During the tour, Udecott biomedical engineers Emily Coker and Nathan Jeremie pointed out critical pieces of diagnostic and surgical equipment ranging from hundreds of thousands to millions of dollars, which had either been underutilised or never used since the facility was opened. In one surgical theatre, Jeremie pointed out that the plastic over the machines began disintegrating due to how long it’s been sitting unused. In some instances, he said, equipment was nearing the end of the warranty period while still practically new.
In the laboratory, Coker said some of the equipment was used in a limited capacity during the covid19 pandemic, but needed to be replaced as they had now become outdated.
The hospital’s capability
According to Udecott, the hospital’s catchment area is about 180,000 people and is outfitted to provide the following services:
– Radiology and Diagnostic Services: 3T MRI, 64-slice CT Scanner, radiographic fluoroscope, intraoperative imaging C-arm, X-ray, ultrasound
– Surgical Services – five operating theatres (one used specifically for C-section surgeries)
– Adult ICU/ HDU and paediatric ICU services
– Nursery and obstetrics equipped with special care baby unit (SCBU)
– Psychiatric services
– Medical and surgical wards – adult and paediatric
– Ancillary services: Pharmacy, laboratory (haematology, microbiology, chemistry), multiple endoscopy units for same-day procedures, physiotherapy and rehabilitation
The previous administration operationalised the $1.6 billion facility in 2019, beginning with diagnostic and pharmaceutical services provided by the NCRHA. The Ministry of Health also partnered with the University of the West Indies, rebranding it as the Couva Medical and Multi-Training Facility to provide training and research services. Its most notable use was as a key part of the parallel healthcare system during the pandemic, treating Covid19 patients exclusively and later becoming a step-down facility.

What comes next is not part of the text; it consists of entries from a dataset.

section \<open>Quotients by a linear subspace\<close>

lemma topspace_qtop: "topspace (qtop L) = cosets L"
proof -
  have "proj L -` range (proj L) = UNIV" by auto
  then have "openin (qtop L) (cosets L)" unfolding openin_qtop cosets_def by simp
  moreover have "S \<subseteq> cosets L" if "openin (qtop L) S" for S using that unfolding openin_qtop
    by blast
  ultimately show ?thesis unfolding topspace_def by blast
qed

lemma closedin_qtop_iff: "closedin (qtop L) S \<longleftrightarrow> S \<subseteq> cosets L \<and> closed (proj L -` S)"
proof -
  have "proj L -` (cosets L - S) = - (proj L -` S)" by (auto simp: cosets_def)
  then show ?thesis by (simp add: closedin_def openin_qtop topspace_qtop closed_def)
qed

context
  fixes L :: "'a::real_vector set"
  assumes L: "subspace L"
begin

lemma proj_eq_iff: "proj L x = proj L y \<longleftrightarrow> x - y \<in> L"
proof
  assume eq: "proj L x = proj L y"
  have "y + 0 \<in> proj L y" unfolding proj_def using subspace_0[OF L] by (rule imageI)
  then have "y \<in> proj L x" using eq by simp
  then obtain l where "l \<in> L" "y = x + l" unfolding proj_def by blast
  then show "x - y \<in> L" using subspace_neg[OF L] by simp
next
  assume d: "x - y \<in> L"
  show "proj L x = proj L y"
  proof (intro set_eqI iffI)
    fix z assume "z \<in> proj L x"
    then obtain l where "l \<in> L" "z = y + ((x - y) + l)" unfolding proj_def by auto
    then show "z \<in> proj L y" unfolding proj_def using subspace_add[OF L d] by blast
  next
    fix z assume "z \<in> proj L y"
    then obtain l where "l \<in> L" "z = x + (l - (x - y))" unfolding proj_def by auto
    then show "z \<in> proj L x" unfolding proj_def using subspace_diff[OF L _ d] by blast
  qed
qed

lemma rep_proj_diff: "rep (proj L x) - x \<in> L"
proof -
  have "x + 0 \<in> proj L x" unfolding proj_def using subspace_0[OF L] by (rule imageI)
  then have "\<exists>y. y \<in> proj L x" by blast
  then have "rep (proj L x) \<in> proj L x" unfolding rep_def by (rule someI_ex)
  then obtain l where "l \<in> L" "rep (proj L x) = x + l" unfolding proj_def by blast
  then show ?thesis by simp
qed

lemma qscale_proj: "qscale L t (proj L x) = proj L (t *\<^sub>R x)"
  unfolding qscale_def
  by (rule proj_eq_iff[THEN iffD2])
    (use subspace_scale[OF L rep_proj_diff, of t] in \<open>simp only: scaleR_diff_right\<close>)

lemma qadd_proj: "qadd L (proj L x) (proj L y) = proj L (x + y)"
  unfolding qadd_def
  by (rule proj_eq_iff[THEN iffD2])
    (use subspace_add[OF L rep_proj_diff rep_proj_diff, of x y] in \<open>simp only: add_diff_add\<close>)

end

section \<open>The quotient by the lineality space\<close>

lemma subspace_cone_Int_uminus:
  fixes P :: "'b::real_vector set"
  assumes "0 \<in> P" "\<And>u v. u \<in> P \<Longrightarrow> v \<in> P \<Longrightarrow> u + v \<in> P"
    "\<And>c u. 0 < c \<Longrightarrow> u \<in> P \<Longrightarrow> c *\<^sub>R u \<in> P"
  shows "subspace {u. u \<in> P \<and> - u \<in> P}"
  unfolding subspace_def
proof (intro conjI ballI allI)
  fix c :: real and u assume u: "u \<in> {u. u \<in> P \<and> - u \<in> P}"
  consider "c = 0" | "0 < c" | "0 < - c" by linarith
  then show "c *\<^sub>R u \<in> {u. u \<in> P \<and> - u \<in> P}"
  proof cases
    case 1
    then show ?thesis using assms(1) by simp
  next
    case 2
    then show ?thesis using u assms(3)[of c u] assms(3)[of c "- u"] by simp
  next
    case 3
    then show ?thesis using u assms(3)[of "- c" u] assms(3)[of "- c" "- u"] by simp
  qed
next
  fix u v assume "u \<in> {u. u \<in> P \<and> - u \<in> P}" "v \<in> {u. u \<in> P \<and> - u \<in> P}"
  then show "u + v \<in> {u. u \<in> P \<and> - u \<in> P}" using assms(2)[of u v] assms(2)[of "- u" "- v"] by auto
qed (use assms(1) in auto)

lemma convex_cone_diff:
  fixes B :: "'b::real_vector set"
  assumes B: "convex B" "x \<in> B"
  shows "convex {t *\<^sub>R (c - x) | t c. 0 \<le> t \<and> c \<in> B}"
proof (rule convexI, clarify)
  fix a b t1 t2 :: real and c1 c2
  assume ab: "0 \<le> a" "0 \<le> b" "a + b = 1" and t: "0 \<le> t1" "0 \<le> t2" and c: "c1 \<in> B" "c2 \<in> B"
  define T where "T = a * t1 + b * t2"
  show "\<exists>t c. a *\<^sub>R t1 *\<^sub>R (c1 - x) + b *\<^sub>R t2 *\<^sub>R (c2 - x) = t *\<^sub>R (c - x) \<and> 0 \<le> t \<and> c \<in> B"
  proof (cases "T = 0")
    case True
    then have "a * t1 = 0" "b * t2 = 0" using ab t unfolding T_def
      by (smt (verit) mult_nonneg_nonneg)+
    then have z: "a *\<^sub>R t1 *\<^sub>R (c1 - x) = 0" "b *\<^sub>R t2 *\<^sub>R (c2 - x) = 0"
      by (simp_all only: scaleR_scaleR scaleR_zero_left)
    have "a *\<^sub>R t1 *\<^sub>R (c1 - x) + b *\<^sub>R t2 *\<^sub>R (c2 - x) = 0 *\<^sub>R (x - x)" unfolding z by simp
    then show ?thesis using B(2) by blast
  next
    case False
    moreover have "0 \<le> T" using ab t by (simp add: T_def)
    ultimately have T: "0 < T" by simp
    \<comment> \<open>a conic combination is a positive multiple of a convex combination\<close>
    define c where "c = (a * t1 / T) *\<^sub>R c1 + (b * t2 / T) *\<^sub>R c2"
    have "a * t1 / T + b * t2 / T = 1" using T by (simp add: T_def add_divide_distrib[symmetric])
    then have "c \<in> B" unfolding c_def using ab t T c by (intro convexD[OF B(1)]) auto
    moreover have "T *\<^sub>R c = (a * t1) *\<^sub>R c1 + (b * t2) *\<^sub>R c2"
      using T by (simp add: c_def scaleR_add_right)
    then have "a *\<^sub>R t1 *\<^sub>R (c1 - x) + b *\<^sub>R t2 *\<^sub>R (c2 - x) = T *\<^sub>R (c - x)"
      unfolding scaleR_diff_right by (simp add: T_def algebra_simps)
    ultimately show ?thesis using T by (intro exI[of _ T] exI[of _ c]) simp
  qed
qed

context
  fixes f :: "'a::{real_vector,topological_space} \<Rightarrow> ereal"
  assumes tvs: "tvs TYPE('a)" and lc: "locally_convex TYPE('a)" and f: "Gamma f"
begin

lemma convex_weakstar_closure_domconj: "convex (weakstar closure_of domconj f)"
  unfolding weakstar_closure_domconj[OF tvs lc f]
proof (rule convexI)
  fix y1 y2 and a b :: real
  assume "y1 \<in> {y \<in> dual. \<forall>u. ereal (y u) \<le> rec f u}" "y2 \<in> {y \<in> dual. \<forall>u. ereal (y u) \<le> rec f u}"
  then have y: "y1 \<in> dual" "y2 \<in> dual" "\<And>u. ereal (y1 u) \<le> rec f u" "\<And>u. ereal (y2 u) \<le> rec f u"
    by auto
  assume ab: "0 \<le> a" "0 \<le> b" "a + b = 1"
  have "(\<lambda>x. a * y1 x + b * y2 x) \<in> dual" using y by (intro dual_add dual_scale)
  then have "a *\<^sub>R y1 + b *\<^sub>R y2 \<in> dual" by (simp add: plus_fun_def scaleR_fun_def)
  moreover have "ereal ((a *\<^sub>R y1 + b *\<^sub>R y2) u) \<le> rec f u" for u
  proof (cases "rec f u")
    case (real r)
    then have "a * y1 u + b * y2 u \<le> a * r + b * r"
      using y(3,4)[of u] ab by (intro add_mono mult_left_mono) auto
    then show ?thesis using real ab(3) by (simp flip: distrib_right)
  qed (use rec_not_MInfty[OF tvs f] in auto)
  ultimately show "a *\<^sub>R y1 + b *\<^sub>R y2 \<in> {y \<in> dual. \<forall>u. ereal (y u) \<le> rec f u}" by blast
qed

lemma lineality_eq_if_weakstar_closure_domconj:
  assumes "y1 \<in> weakstar closure_of domconj f" "y2 \<in> weakstar closure_of domconj f"
  shows "{u. rec f u = ereal (y1 u) \<and> rec f (- u) = ereal (- y1 u)}
       = {u. rec f u = ereal (y2 u) \<and> rec f (- u) = ereal (- y2 u)}"
proof -
  have sub: "{u. rec f u = ereal (y1 u) \<and> rec f (- u) = ereal (- y1 u)}
           \<subseteq> {u. rec f u = ereal (y2 u) \<and> rec f (- u) = ereal (- y2 u)}"
    if y: "y1 \<in> weakstar closure_of domconj f" "y2 \<in> weakstar closure_of domconj f" for y1 y2
  proof clarify
    fix u assume u: "rec f u = ereal (y1 u)" "rec f (- u) = ereal (- y1 u)"
    have "y2 \<in> dual" "\<And>v. ereal (y2 v) \<le> rec f v"
      using y(2) unfolding weakstar_closure_domconj[OF tvs lc f] by auto
    then have "y2 u \<le> y1 u" "- y2 u \<le> - y1 u"
      using u linear_neg[OF dual_linear[OF \<open>y2 \<in> dual\<close>], of u] by (metis ereal_less_eq(3))+
    then show "rec f u = ereal (y2 u) \<and> rec f (- u) = ereal (- y2 u)" using u by simp
  qed
  show ?thesis using sub[OF assms] sub[OF assms(2,1)] by (rule antisym)
qed

lemma Gamma_diff_dual:
  assumes xs: "xs \<in> dual"
  shows "Gamma (\<lambda>x. f x - ereal (xs x))"
  unfolding GammaF_def
proof (intro conjI ballI allI impI)
  show "f x - ereal (xs x) \<noteq> - \<infinity>" for x using Gamma_not_MInfty[OF f, of x] by (cases "f x") auto
  obtain x a where "f x = ereal a" using Gamma_finite_point[OF f] .
  then show "\<exists>x\<in>UNIV. f x - ereal (xs x) \<noteq> \<infinity>" by (intro bexI[of _ x]) auto
  have "closed {x. f x \<le> ereal (a + xs x)}" for a
    using dual_continuous[OF xs] by (intro closed_Gamma_le_continuous[OF f] continuous_intros) auto
  moreover have "{x. f x - ereal (xs x) \<le> ereal a} = {x. f x \<le> ereal (a + xs x)}" for a
    using Gamma_not_MInfty[OF f] by (auto simp: ereal_minus_le_iff)
  ultimately show "closedin euclidean {x \<in> UNIV. f x - ereal (xs x) \<le> ereal a}" for a by simp
next
  fix x y and t :: real assume t: "0 < t \<and> t < 1"
  have lin: "xs (t *\<^sub>R x + (1 - t) *\<^sub>R y) = t * xs x + (1 - t) * xs y"
    using dual_linear[OF xs] by (simp add: linear_add linear_scale)
  show "f (t *\<^sub>R x + (1 - t) *\<^sub>R y) - ereal (xs (t *\<^sub>R x + (1 - t) *\<^sub>R y))
      \<le> ereal t * (f x - ereal (xs x)) + ereal (1 - t) * (f y - ereal (xs y))"
  proof (cases "f x = \<infinity> \<or> f y = \<infinity>")
    case True
    have "ereal t * (f x - ereal (xs x)) + ereal (1 - t) * (f y - ereal (xs y)) = \<infinity>"
      using True t Gamma_not_MInfty[OF f, of x] Gamma_not_MInfty[OF f, of y]
        by (cases "f x"; cases "f y") auto
    then show ?thesis by (simp only:) simp
  next
    case False
    then obtain a b where ab: "f x = ereal a" "f y = ereal b"
      using Gamma_not_MInfty[OF f, of x] Gamma_not_MInfty[OF f, of y]
        by (cases "f x"; cases "f y") auto
    then have "f (t *\<^sub>R x + (1 - t) *\<^sub>R y) \<le> ereal (t * a + (1 - t) * b)"
      using Gamma_convex[OF f, of t x y] t by simp
    then show ?thesis
      using ab lin Gamma_not_MInfty[OF f, of "t *\<^sub>R x + (1 - t) *\<^sub>R y"]
      by (cases "f (t *\<^sub>R x + (1 - t) *\<^sub>R y)") (auto simp: algebra_simps)
  qed
qed

end

lemma ereal_minus_eq_0_iff: "x - ereal c = 0 \<longleftrightarrow> x = ereal c"
  by (cases x) auto

lemma ereal_minus_nonneg_iff: "0 \<le> x - ereal c \<longleftrightarrow> ereal c \<le> x"
  by (cases x) auto

locale lineality_quotient =
  fixes f :: "'a::{real_vector,topological_space} \<Rightarrow> ereal" and xs :: "'a \<Rightarrow> real" and L :: "'a set"
  assumes tvs: "tvs TYPE('a)" and lc: "locally_convex TYPE('a)" and f: "Gamma f"
    and xs: "xs \<in> dual"
    and L_def: "L = {u. rec f u = ereal (xs u) \<and> rec f (- u) = ereal (- xs u)}"
begin

abbreviation h :: "'a set \<Rightarrow> ereal" where
  "h \<equiv> hq f xs L"

abbreviation rec_h :: "'a set \<Rightarrow> ereal" where
  "rec_h \<equiv> recc (qadd L) (qscale L) (cosets L) h"

text \<open>The cone \<open>[f\<^sub>\<infinity> \<le> x*]\<close>; \<open>L\<close> is its lineality space.\<close>
abbreviation rec_le_xs :: "'a set" where
  "rec_le_xs \<equiv> {u. rec f u \<le> ereal (xs u)}"

lemma xs_linear: "linear xs"
  using dual_linear[OF xs] .

lemma mem_L_iff: "u \<in> L \<longleftrightarrow> u \<in> rec_le_xs \<and> - u \<in> rec_le_xs"
proof
  assume "u \<in> rec_le_xs \<and> - u \<in> rec_le_xs"
  moreover have "0 \<le> rec f u + rec f (- u)" by (rule rec_add_neg_nonneg[OF tvs f])
  moreover have "xs (- u) = - xs u" using linear_neg[OF xs_linear] .
  ultimately show "u \<in> L"
    unfolding L_def using rec_not_MInfty[OF tvs f, of u] rec_not_MInfty[OF tvs f, of "- u"]
    by (cases "rec f u"; cases "rec f (- u)") auto
qed (simp add: L_def linear_neg[OF xs_linear])

lemma subspace_L: "subspace L"
proof -
  have "subspace {u. u \<in> rec_le_xs \<and> - u \<in> rec_le_xs}"
  proof (rule subspace_cone_Int_uminus)
    show "0 \<in> rec_le_xs" using rec_zero[OF tvs f] linear_0[OF xs_linear] by simp
    show "u + v \<in> rec_le_xs" if "u \<in> rec_le_xs" "v \<in> rec_le_xs" for u v
    proof -
      have "rec f (u + v) \<le> rec f u + rec f v" by (rule rec_add_le[OF tvs f])
      also have "\<dots> \<le> ereal (xs u) + ereal (xs v)" using that by (intro add_mono) auto
      finally show ?thesis by (simp add: linear_add[OF xs_linear])
    qed
    show "c *\<^sub>R u \<in> rec_le_xs" if "0 < c" "u \<in> rec_le_xs" for c u
    proof -
      have "rec f (c *\<^sub>R u) = ereal c * rec f u" by (rule rec_scaleR[OF tvs f that(1)])
      also have "\<dots> \<le> ereal c * ereal (xs u)" using that by (intro ereal_mult_left_mono) auto
      finally show ?thesis by (simp add: linear_scale[OF xs_linear])
    qed
  qed
  moreover have "L = {u. u \<in> rec_le_xs \<and> - u \<in> rec_le_xs}" using mem_L_iff by blast
  ultimately show ?thesis by simp
qed

lemma closed_L: "closed L"
proof -
  have P: "closed rec_le_xs" by (rule closed_rec_le[OF tvs f dual_continuous[OF xs]])
  have "closed ((\<lambda>x. 0 + (- 1) *\<^sub>R x) -` rec_le_xs)"
    by (intro closed_vimage[OF P] continuous_on_tvs_affine[OF tvs] continuous_intros)
  moreover have "L = rec_le_xs \<inter> (\<lambda>x. 0 + (- 1) *\<^sub>R x) -` rec_le_xs"
    using mem_L_iff by auto
  ultimately show ?thesis using P by (simp add: closed_Int)
qed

In April 2024, Deyalsingh rejected notions that the government had purposefully kept the hospital closed. To that point, he said 291 patients were referred to the hospital for cataract surgeries, with 91 completed. He said 84 ultrasounds were done between January 2023 and March 2024, along with 1,801 CT-scans, 883 MRIs and 830 X-rays.
Deyalsingh declined to comment, instead directing Newsday to NCRHA CEO Davlin Thomas. Newsday was also unable to get a comment from Thomas.